## [WHAT TO WORK ON]
Since only part of the material below is wanted, output exactly the lines from the one with "is a complex" up to and including the one with "text \<open>Complex Hilbert".

## [INFORMATION PROVIDED]

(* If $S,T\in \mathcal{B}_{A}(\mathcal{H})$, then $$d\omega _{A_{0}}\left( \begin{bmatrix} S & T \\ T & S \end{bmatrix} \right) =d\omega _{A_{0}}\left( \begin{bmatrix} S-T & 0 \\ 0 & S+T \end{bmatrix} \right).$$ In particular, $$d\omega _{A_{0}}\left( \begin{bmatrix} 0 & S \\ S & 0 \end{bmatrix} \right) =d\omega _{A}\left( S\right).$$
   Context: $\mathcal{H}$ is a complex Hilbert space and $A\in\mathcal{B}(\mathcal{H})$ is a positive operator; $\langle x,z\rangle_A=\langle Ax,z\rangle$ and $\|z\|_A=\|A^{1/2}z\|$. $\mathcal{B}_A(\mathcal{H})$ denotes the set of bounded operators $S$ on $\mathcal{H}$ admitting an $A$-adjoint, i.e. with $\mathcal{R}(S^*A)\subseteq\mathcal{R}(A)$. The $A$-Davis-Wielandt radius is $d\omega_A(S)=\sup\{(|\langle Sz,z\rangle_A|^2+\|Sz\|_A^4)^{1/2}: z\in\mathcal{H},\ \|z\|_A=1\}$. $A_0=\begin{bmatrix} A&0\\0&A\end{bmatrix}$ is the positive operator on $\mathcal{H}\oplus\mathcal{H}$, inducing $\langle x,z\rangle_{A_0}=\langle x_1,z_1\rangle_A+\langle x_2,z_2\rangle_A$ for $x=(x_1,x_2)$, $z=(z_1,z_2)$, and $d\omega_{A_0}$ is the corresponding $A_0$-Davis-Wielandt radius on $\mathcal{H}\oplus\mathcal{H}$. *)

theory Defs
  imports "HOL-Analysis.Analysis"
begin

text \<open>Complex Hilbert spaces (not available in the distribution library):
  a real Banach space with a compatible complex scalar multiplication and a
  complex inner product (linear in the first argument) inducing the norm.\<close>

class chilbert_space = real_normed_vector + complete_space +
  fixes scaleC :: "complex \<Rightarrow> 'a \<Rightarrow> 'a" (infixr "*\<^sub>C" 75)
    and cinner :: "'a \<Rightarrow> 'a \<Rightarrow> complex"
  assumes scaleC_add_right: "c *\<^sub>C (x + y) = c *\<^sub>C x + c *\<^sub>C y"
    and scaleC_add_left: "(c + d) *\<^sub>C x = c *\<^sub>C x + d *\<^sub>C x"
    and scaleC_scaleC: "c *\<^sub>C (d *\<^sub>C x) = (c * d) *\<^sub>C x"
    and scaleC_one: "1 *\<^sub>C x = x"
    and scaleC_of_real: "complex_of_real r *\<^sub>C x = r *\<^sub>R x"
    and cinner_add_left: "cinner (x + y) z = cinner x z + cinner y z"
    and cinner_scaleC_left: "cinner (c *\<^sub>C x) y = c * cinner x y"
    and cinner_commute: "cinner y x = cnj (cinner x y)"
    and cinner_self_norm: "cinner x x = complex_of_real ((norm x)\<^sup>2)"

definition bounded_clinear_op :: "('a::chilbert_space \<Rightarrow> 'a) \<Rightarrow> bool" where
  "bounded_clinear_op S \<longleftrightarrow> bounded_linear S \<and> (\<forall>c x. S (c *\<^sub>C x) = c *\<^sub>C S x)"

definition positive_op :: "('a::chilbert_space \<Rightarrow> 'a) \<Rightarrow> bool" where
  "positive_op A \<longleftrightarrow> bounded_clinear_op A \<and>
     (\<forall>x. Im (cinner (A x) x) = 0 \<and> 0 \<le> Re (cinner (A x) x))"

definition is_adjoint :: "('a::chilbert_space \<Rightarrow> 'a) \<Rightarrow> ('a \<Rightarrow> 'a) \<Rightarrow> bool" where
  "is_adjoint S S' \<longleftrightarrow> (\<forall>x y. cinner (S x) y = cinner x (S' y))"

## [EXPECTED ANSWER]
   Context: $\mathcal{H}$ is a complex Hilbert space and $A\in\mathcal{B}(\mathcal{H})$ is a positive operator; $\langle x,z\rangle_A=\langle Ax,z\rangle$ and $\|z\|_A=\|A^{1/2}z\|$. $\mathcal{B}_A(\mathcal{H})$ denotes the set of bounded operators $S$ on $\mathcal{H}$ admitting an $A$-adjoint, i.e. with $\mathcal{R}(S^*A)\subseteq\mathcal{R}(A)$. The $A$-Davis-Wielandt radius is $d\omega_A(S)=\sup\{(|\langle Sz,z\rangle_A|^2+\|Sz\|_A^4)^{1/2}: z\in\mathcal{H},\ \|z\|_A=1\}$. $A_0=\begin{bmatrix} A&0\\0&A\end{bmatrix}$ is the positive operator on $\mathcal{H}\oplus\mathcal{H}$, inducing $\langle x,z\rangle_{A_0}=\langle x_1,z_1\rangle_A+\langle x_2,z_2\rangle_A$ for $x=(x_1,x_2)$, $z=(z_1,z_2)$, and $d\omega_{A_0}$ is the corresponding $A_0$-Davis-Wielandt radius on $\mathcal{H}\oplus\mathcal{H}$. *)

theory Defs
  imports "HOL-Analysis.Analysis"
begin

text \<open>Complex Hilbert spaces (not available in the distribution library):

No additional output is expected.